This post originally appeared on Ridiculously Efficient.
Dana Brownlee is the founder of Professionalism Matters, a consulting firm that helps other businesses become more productive. As a busy business owner, she knows how important vacation time is for herself and her family, but began to fear that inevitable onslaught of emails and missed urgent messages she would find when she arrived back in the office. To help herself manage it all, she developed the ‘95% Unplugged Vacation Model’. It helps her maintain her work-life balance, without drowning in a sea of unread emails upon her arrival back in the office.
Brownlee tells us all about her vacation model and why getting time unplugged is so important.
1. What does the ‘95% Unplugged Vacation Model’ entail?
It really means that for many of us, instead of pretending that we’re going to be completely 100% unplugged, embrace the more realistic 95% unplugged model. This model means that you’re on vacation – focused on relaxing and spending time with friends and family for sure – BUT you do recognize that the rest of the world continues, issues continue to be addressed via email, employees continue to have questions, etc.. So it may be setting yourself (and others) up for disappointment/frustration to strive for 100% unplugged. In my case I need to stay about 5% plugged in to keep the trains running and keep my sanity, really. After all, who wants to return to an avalanche of 1,000+ emails and possible unresolved issues/missed opportunities the day they return from vacation? To be clear I activate an out-of-office message while on vacation and I don’t plan any work to be done while I’m gone, but I’m just realistic enough to know that the Earth won’t stop spinning because my family is on vacation.
2. What limitations should people set for themselves while on vacation?
Everyone has to decide this for themselves, but for many busy professionals what seems to work is unplugging fully for most of the vacation but consciously taking time to plug in periodically to keep things moving smoothly back at the office, reassure yourself that all is well, or just maintain a light connection to work. For me, I might be doing a scuba excursion with my husband or chasing the kids on the beach – the Blackberry is off or better yet, not even with me. BUT I do want to check email for about 20 minutes every other day or check in with my assistant if needed. In my case, my 5% plug in is almost completely email checking/responding — not making phone calls, reading reports or doing other ‘real work’.
3. Do you think it is possible to have a 100% unplugged vacation? Why or why not?
Of course, it’s possible, but I just discovered over the years that it wasn’t worth it ironically. The price that I paid my first day back in the office was much more than the 5% I could have sacrificed by taking just a few minutes during my vacation week to send a few emails, forward a presentation, ask my assistant to submit a proposal or resolve an issue that surfaced while I was out. Some of this is obviously dependent on the duration of your vacation (obviously easier to completely unplug for a shorter period of time), the type of work that you do, etc., so my comments really are reflective of many busy professionals but clearly not all.

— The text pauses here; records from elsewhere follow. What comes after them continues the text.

(* For all integers $n\ge 1$ and $d\ge 3$, $$m^*(n,d,d-1)\ge \frac{d-1}{e}\sqrt[d-1]{\frac{nd}{d-1}},$$ where $e$ is Euler's number.
   Context: For a binary matrix $M$ and a nonempty set $S$ of its columns, $S$ is a stopping set if the submatrix formed by $S$ has no row with exactly one $1$; $s(M)$ is the minimum size of a stopping set ($+\infty$ if none). $M$ is $(d,k)$-decodable if $s(M)\ge d+1$ and every column has exactly $k$ ones; $m^*(n,d,k)$ is the minimum $m$ such that an $m\times n$ $(d,k)$-decodable binary matrix exists. *)

theory Defs
  imports "HOL-Analysis.Analysis" "HOL-Library.Extended_Nat"
begin

text \<open>A binary m x n matrix is represented as M :: nat => nat => bool, where
  M i j (for i < m, j < n) is the entry in row i, column j (True = 1).\<close>

definition stopping_set :: "nat \<Rightarrow> nat \<Rightarrow> (nat \<Rightarrow> nat \<Rightarrow> bool) \<Rightarrow> nat set \<Rightarrow> bool" where
  "stopping_set m n M S \<longleftrightarrow>
     S \<noteq> {} \<and> S \<subseteq> {..<n} \<and> (\<forall>i<m. card {j\<in>S. M i j} \<noteq> 1)"

definition stop_dist :: "nat \<Rightarrow> nat \<Rightarrow> (nat \<Rightarrow> nat \<Rightarrow> bool) \<Rightarrow> enat" where
  "stop_dist m n M = (INF S\<in>{S. stopping_set m n M S}. enat (card S))"

definition decodable :: "nat \<Rightarrow> nat \<Rightarrow> nat \<Rightarrow> nat \<Rightarrow> (nat \<Rightarrow> nat \<Rightarrow> bool) \<Rightarrow> bool" where
  "decodable m n d k M \<longleftrightarrow>
     stop_dist m n M \<ge> enat (d + 1) \<and> (\<forall>j<n. card {i. i < m \<and> M i j} = k)"

definition mstar :: "nat \<Rightarrow> nat \<Rightarrow> nat \<Rightarrow> nat" where
  "mstar n d k = (LEAST m. \<exists>M. decodable m n d k M)"

end

theory Submission
  imports Defs
begin

text \<open>The columns of a \<open>(d, d-1)\<close>-decodable matrix have pairwise distinct supports, and no
  \<open>d\<close>-set of rows contains the supports of \<open>d\<close> columns: otherwise those columns would be all
  \<open>d\<close> facets of a \<open>d\<close>-set and form a stopping set of size \<open>d\<close>. Double counting pairs
  (column, \<open>d\<close>-set containing its support) gives \<open>n (m - d + 1) \<le> (d - 1) C(m, d)\<close>, i.e.
  \<open>n d / (d - 1) \<le> C(m, d - 1) \<le> (e m / (d - 1))\<^sup>d\<^sup>-\<^sup>1\<close>.\<close>

lemma power_div_fact_le_exp:
  fixes x :: real
  assumes "0 \<le> x"
  shows "x ^ k / fact k \<le> exp x"
proof -
  have "(\<Sum>i\<in>{k}. x ^ i / fact i) \<le> (\<Sum>i. x ^ i / fact i)"
    using summable_exp_generic[of x] assms
    by (intro sum_le_suminf) (auto simp: divide_inverse ac_simps)
  thus ?thesis by (simp add: exp_def divide_inverse ac_simps)
qed

lemma binomial_le_exp_power:
  assumes "k > 0"
  shows "real (m choose k) \<le> (exp 1 * real m / real k) ^ k"
proof -
  have "real (m choose k) * fact k \<le> real m ^ k"
    using binomial_fact_pow[of m k] by (metis of_nat_fact of_nat_le_iff of_nat_mult of_nat_power)
  hence "real (m choose k) \<le> real m ^ k / fact k" by (simp add: field_simps)
  also have "\<dots> = (real m / real k) ^ k * (real k ^ k / fact k)"
    using assms by (simp add: field_simps power_divide)
  also have "\<dots> \<le> (real m / real k) ^ k * exp (real k)"
    by (intro mult_left_mono power_div_fact_le_exp) simp_all
  also have "\<dots> = (exp 1 * real m / real k) ^ k"
    by (simp add: power_mult_distrib exp_of_nat_mult[symmetric] power_divide)
  finally show ?thesis .
qed

lemma card_mult_le_choose_by_double_counting:
  fixes T :: "'a \<Rightarrow> 'b set"
  assumes "finite I" "finite X"
    and T: "\<And>j. j \<in> I \<Longrightarrow> T j \<subseteq> X \<and> card (T j) = k"
    and few: "\<And>U. U \<subseteq> X \<Longrightarrow> card U = Suc k \<Longrightarrow> card {j \<in> I. T j \<subseteq> U} \<le> c"
  shows "card I * (card X - k) \<le> c * (card X choose Suc k)"
proof -
  define Ks where "Ks = {U. U \<subseteq> X \<and> card U = Suc k}"
  have "finite Ks" unfolding Ks_def using \<open>finite X\<close> by auto
  have up: "card X - k \<le> card {U \<in> Ks. T j \<subseteq> U}" if "j \<in> I" for j
  proof -
    have Tj: "T j \<subseteq> X" "card (T j) = k" "finite (T j)"
      using T[OF that] \<open>finite X\<close> finite_subset by auto
    have "(\<lambda>x. insert x (T j)) ` (X - T j) \<subseteq> {U \<in> Ks. T j \<subseteq> U}"
      using Tj by (auto simp: Ks_def)
    moreover have "inj_on (\<lambda>x. insert x (T j)) (X - T j)"
      by (auto simp: inj_on_def)
    moreover have "card (X - T j) = card X - k"
      using Tj by (simp add: card_Diff_subset)
    ultimately show ?thesis using \<open>finite Ks\<close>
      by (metis (no_types, lifting) card_image card_mono finite_subset mem_Collect_eq subsetI)
  qed
  have "card I * (card X - k) \<le> (\<Sum>j\<in>I. card {U \<in> Ks. T j \<subseteq> U})"
    using sum_mono[OF up] by simp
  also have "\<dots> = (\<Sum>j\<in>I. \<Sum>U\<in>Ks. if T j \<subseteq> U then 1 else 0)"
    using \<open>finite Ks\<close> by (simp add: sum.inter_filter[symmetric])
  also have "\<dots> = (\<Sum>U\<in>Ks. card {j \<in> I. T j \<subseteq> U})"
    using \<open>finite I\<close> by (subst sum.swap) (simp add: sum.inter_filter[symmetric])
  also have "\<dots> \<le> (\<Sum>U\<in>Ks. c)"
    by (intro sum_mono few) (auto simp: Ks_def)
  also have "\<dots> = c * (card X choose Suc k)"
    using n_subsets[OF \<open>finite X\<close>] by (simp add: Ks_def)
  finally show ?thesis .
qed

definition column_support :: "nat \<Rightarrow> (nat \<Rightarrow> nat \<Rightarrow> bool) \<Rightarrow> nat \<Rightarrow> nat set" where
  "column_support m M j = {i. i < m \<and> M i j}"

lemma column_support_subset: "column_support m M j \<subseteq> {..<m}"
  by (auto simp: column_support_def)

lemma card_column_support:
  "decodable m n d k M \<Longrightarrow> j < n \<Longrightarrow> card (column_support m M j) = k"
  by (simp add: decodable_def column_support_def)

lemma decodable_stopping_set_card:
  assumes "decodable m n d k M" "stopping_set m n M S"
  shows "d + 1 \<le> card S"
proof -
  have "stop_dist m n M \<le> enat (card S)"
    unfolding stop_dist_def using assms(2) by (intro INF_lower) auto
  thus ?thesis using assms(1) unfolding decodable_def by (auto dest: order_trans)
qed

lemma stopping_set_of_equal_supports:
  assumes "a < n" "b < n" "a \<noteq> b" "column_support m M a = column_support m M b"
  shows "stopping_set m n M {a, b}"
  unfolding stopping_set_def
proof (intro conjI allI impI)
  fix i assume "i < m"
  hence "M i a = M i b" using assms(4) unfolding column_support_def by blast
  hence "{j \<in> {a, b}. M i j} = (if M i a then {a, b} else {})" by auto
  thus "card {j \<in> {a, b}. M i j} \<noteq> 1" using assms(3) by simp
qed (use assms in auto)
(* Let $n\ge5$. (a) Let $Y=Y^{(n)}=(Y_{n+1},Y_n,\ldots,Y_1)$ be a $\{0,1\}$-valued Markov chain (run in the order $Y_{n+1},\ldots,Y_1$) with $Y_{n+1}=1$, transition probabilities $\mathbb{P}(Y_i=0\mid Y_{i+1}=0)=p_i$, $\mathbb{P}(Y_i=1\mid Y_{i+1}=0)=q_i=1-p_i$, $\mathbb{P}(Y_i=0\mid Y_{i+1}=1)=1$ for $i=3,\ldots,n$, where $p_i\in(0,1)$, and with $Y_2=0$, $Y_1=1$ almost surely; set $p_2:=1$. Assume $\frac{p_iq_{i-1}}{p_{i-2}q_i}>1$ for every $4\le i\le n-1$. Then, writing $Y$ also for $(Y_n,\ldots,Y_1)$, $$\mathbb{P}(Y\in\Lambda_2(n))>\mathbb{P}(Y\in\Lambda_1(n)).$$ (b) Let $\theta>0$ and let $\eta=(\eta_n,\ldots,\eta_1)$ have the law of $(\xi_n,\ldots,\xi_1)$ conditioned on $(\xi_n,\ldots,\xi_1)\in\Delta_n$. Then $\mathbb{P}(\eta\in\Lambda_2(n))>\mathbb{P}(\eta\in\Lambda_1(n))$, and $$\mathbb{P}(\eta\in\Lambda_2(n))=\sum_{r\in\Lambda_1(n)}\left(\prod_{i=1}^{|r|-1}\frac{\sigma_i(r)-1}{n+1-\sigma_i(r)}\right)\mathbb{P}(\eta=r).$$
   Context: Let $\xi_1,\xi_2,\ldots$ be independent Bernoulli random variables with $\mathbb{P}(\xi_i=1)=\theta/(\theta+i-1)$, $\mathbb{P}(\xi_i=0)=(i-1)/(\theta+i-1)$. For $n\ge2$, $\Delta_n$ is the set of $(a_n,a_{n-1},\ldots,a_1)\in\{0,1\}^n$ with $a_n=0$, $a_1=1$, and no index $2\le i\le n$ with $a_i=a_{i-1}=1$. For $r=(r_n,\ldots,r_1)\in\Delta_n$, $|r|$ denotes the number of indices $i$ with $r_i=1$. Set $\sigma_0(r)=n+1$, and for $j=1,\ldots,|r|$ let $\sigma_j(r)$ be the largest index $i<\sigma_{j-1}(r)$ with $r_i=1$ (so $\sigma_{|r|}(r)=1$). The numbers $\sigma_{l-1}(r)-\sigma_l(r)$, $l=1,\ldots,|r|$, are the successive spacings (cycle lengths). $r\in\Delta_n$ is weakly increasing if $\sigma_{l-1}(r)-\sigma_l(r)\le\sigma_l(r)-\sigma_{l+1}(r)$ for all $l=1,\ldots,|r|-1$, and weakly decreasing if $\sigma_{l-1}(r)-\sigma_l(r)\ge\sigma_l(r)-\sigma_{l+1}(r)$ for all such $l$. $\Lambda_1(n)$ (resp. $\Lambda_2(n)$) is the set of weakly increasing (resp. weakly decreasing) elements of $\Delta_n$. *)

theory Defs
  imports "HOL-Probability.Probability"
begin
theorem lemma3p6:
  fixes \<Phi> \<Delta> :: "'v::euclidean_space set"
    and S :: "'q::comm_ring_1 set"
    and act :: "('v \<Rightarrow> 'v) \<Rightarrow> 'q \<Rightarrow> 'q"
    and x :: "'v \<Rightarrow> 'q"
    and I :: "('v \<Rightarrow> 'v) \<Rightarrow> 'v list"
  assumes setting: "demazure_setting \<Phi> \<Delta> S act x"
    and reduced: "\<forall>w\<in>weyl_group \<Phi>. reduced_word \<Delta> w (I w)"
    and known_basis: "is_S_basis S (weyl_group \<Phi>)
                        (structure_algebra (weyl_group \<Phi>) (pos_roots \<Phi> \<Delta>) S x)
                        (zeta_dual (weyl_group \<Phi>) act x I)"
    and known_dual: "\<forall>w\<in>weyl_group \<Phi>. \<forall>u\<in>weyl_group \<Phi>.
        hecke (weyl_group \<Phi>) act (pi_elt (weyl_group \<Phi>) act (xPi \<Phi> \<Delta> x))
          (cw_mult (zeta (weyl_group \<Phi>) act x (xPi \<Phi> \<Delta> x) I id w)
                   (zeta_dual (weyl_group \<Phi>) act x I u))
        = (if w = u then one_tuple (weyl_group \<Phi>) else (\<lambda>_. 0))"
  shows "(\<forall>v\<in>weyl_group \<Phi>. \<forall>w\<in>weyl_group \<Phi>. \<forall>u\<in>weyl_group \<Phi>.
            hecke (weyl_group \<Phi>) act (pi_elt (weyl_group \<Phi>) act (xPi \<Phi> \<Delta> x))
              (cw_mult (zeta (weyl_group \<Phi>) act x (xPi \<Phi> \<Delta> x) I v w)
                       (weyl_act (weyl_group \<Phi>) act (qw_delta v) (zeta_dual (weyl_group \<Phi>) act x I u)))
            = (if w = u then one_tuple (weyl_group \<Phi>) else (\<lambda>_. 0)))
       \<and> (\<forall>v\<in>weyl_group \<Phi>.
            is_S_basis S (weyl_group \<Phi>)
              (structure_algebra (weyl_group \<Phi>) (pos_roots \<Phi> \<Delta>) S x)
              (\<lambda>w. weyl_act (weyl_group \<Phi>) act (qw_delta v) (zeta_dual (weyl_group \<Phi>) act x I w)))"
  \<comment> \<open>The reduced words I enter only through the assumed duality and basis.\<close>
proof -
  interpret demazure \<Phi> \<Delta> S act x
    by (rule demazure.intro) (rule setting)
  show ?thesis
    by (intro conjI ballI delta_act_preserves_duality is_S_basis_delta_act known_basis
        known_dual[rule_format])
qed
(* Let $K_c\subset\mathbb{E}^3$ be a cap body of a ball which is centrally symmetric. Then the illumination number of $K_c$ satisfies $I(K_c)\le 6$. Moreover this bound is sharp: there exists a centrally symmetric cap body of a ball in $\mathbb{E}^3$ whose illumination number equals $6$.
   Context: A cap body of a ball is the convex hull of a closed Euclidean ball $B^d[\boldsymbol c,r]\subset\mathbb{E}^d$ and a countable set of points $\{\boldsymbol v_i\mid i\in I\}\subset \mathbb{E}^d\setminus B^d[\boldsymbol c,r]$ such that for any two distinct $i,j\in I$ the segment $\overline{\boldsymbol v_i\boldsymbol v_j}$ intersects $B^d[\boldsymbol c,r]$. For a convex body $K$ (compact convex set with nonempty interior), a direction $\boldsymbol u\in\mathbb{S}^{d-1}$ illuminates a boundary point $\boldsymbol p$ of $K$ if $\boldsymbol p+\lambda\boldsymbol u$ lies in the interior of $K$ for some $\lambda>0$; the illumination number $I(K)$ is the smallest number of directions such that every boundary point of $K$ is illuminated by at least one of them. *)

theory Defs
  imports "HOL-Analysis.Analysis"
begin

definition cap_body :: "'a::euclidean_space set \<Rightarrow> bool" where
  "cap_body K \<longleftrightarrow> (\<exists>c r V. r > 0 \<and> countable V \<and> V \<inter> cball c r = {} \<and>
     (\<forall>v\<in>V. \<forall>w\<in>V. v \<noteq> w \<longrightarrow> closed_segment v w \<inter> cball c r \<noteq> {}) \<and>
     K = convex hull (cball c r \<union> V))"

definition centrally_symmetric :: "'a::euclidean_space set \<Rightarrow> bool" where
  "centrally_symmetric K \<longleftrightarrow> (\<exists>x. \<forall>p\<in>K. 2 *\<^sub>R x - p \<in> K)"

definition illuminates :: "'a::euclidean_space set \<Rightarrow> 'a \<Rightarrow> 'a \<Rightarrow> bool" where
  "illuminates K u p \<longleftrightarrow> (\<exists>t>0. p + t *\<^sub>R u \<in> interior K)"

definition illumination_number :: "'a::euclidean_space set \<Rightarrow> nat" where
  "illumination_number K = (LEAST n. \<exists>U. finite U \<and> card U = n \<and> U \<subseteq> sphere 0 1 \<and>
      (\<forall>p\<in>frontier K. \<exists>u\<in>U. illuminates K u p))"

end

theory Submission
  imports Defs
begin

An implicit danger (depending on your work environment) is that you don’t want to create an expectation on the part of your boss/coworkers of your doing work while on vacation. So again, I reiterate that I don’t plan to do any work, and I certainly would not recommend planning a vacation with the expectation of working through it. To the contrary, I recommend that one always establish someone “in charge” for them and establish other processes so that work can flow without them, so that if they do happen to chime in on an email exchange (where they really felt it necessary) or address an urgent issue that arose unexpectedly, it’s seen as an unexpected and highly appreciated contribution (not an expectation).
4. Why is getting time unplugged so important?
It is ridiculously important. When I worked as a college intern at AT&T Bell Labs in New Jersey in the late 80s with some of the most brilliant [Research and Development] minds on the planet, they had established these “romper rooms” (my term, not theirs) where the scientists could go during the day to forget about the problem on their desk, relax, and recharge. The room was filled with nostalgic games, whiteboards, and I think even a few places to sleep. It reminds me of the image that we have of Google now, but this was 1988! Sue Shellenberger wrote a great article about this same concept – how allowing your brain an opportunity to take a break and recharge can really spark innovation
5. How can people find unplugged downtime during the regular workweek
Actually, the irony is that I make time to get unplugged much more regularly than most I’m sure. (This might be why when I go on vacation I don’t feel like I must drop completely off the face of the Earth.) I’m a huge believer in scheduling. I think that “what gets scheduled gets done…eventually.” If it’s not on the schedule, it probably won’t – let’s be honest. This is why many of us have rooms in our house that haven’t been cleaned out in years or have child momentos that were never made into keepsake books – great ideas that didn’t get scheduled. So, scheduling may not sound glamorous, but it works. Find 2-3 ways to unplug that fill you up mentally and emotionally and put them on your calendar. It could be a yoga class, morning meditation, playing racquetball, meeting a friend for an afternoon tea break on a bench outside the office building, listening to your favorite CD in the car on the way to work, etc. We must recharge the battery to keep it movin’!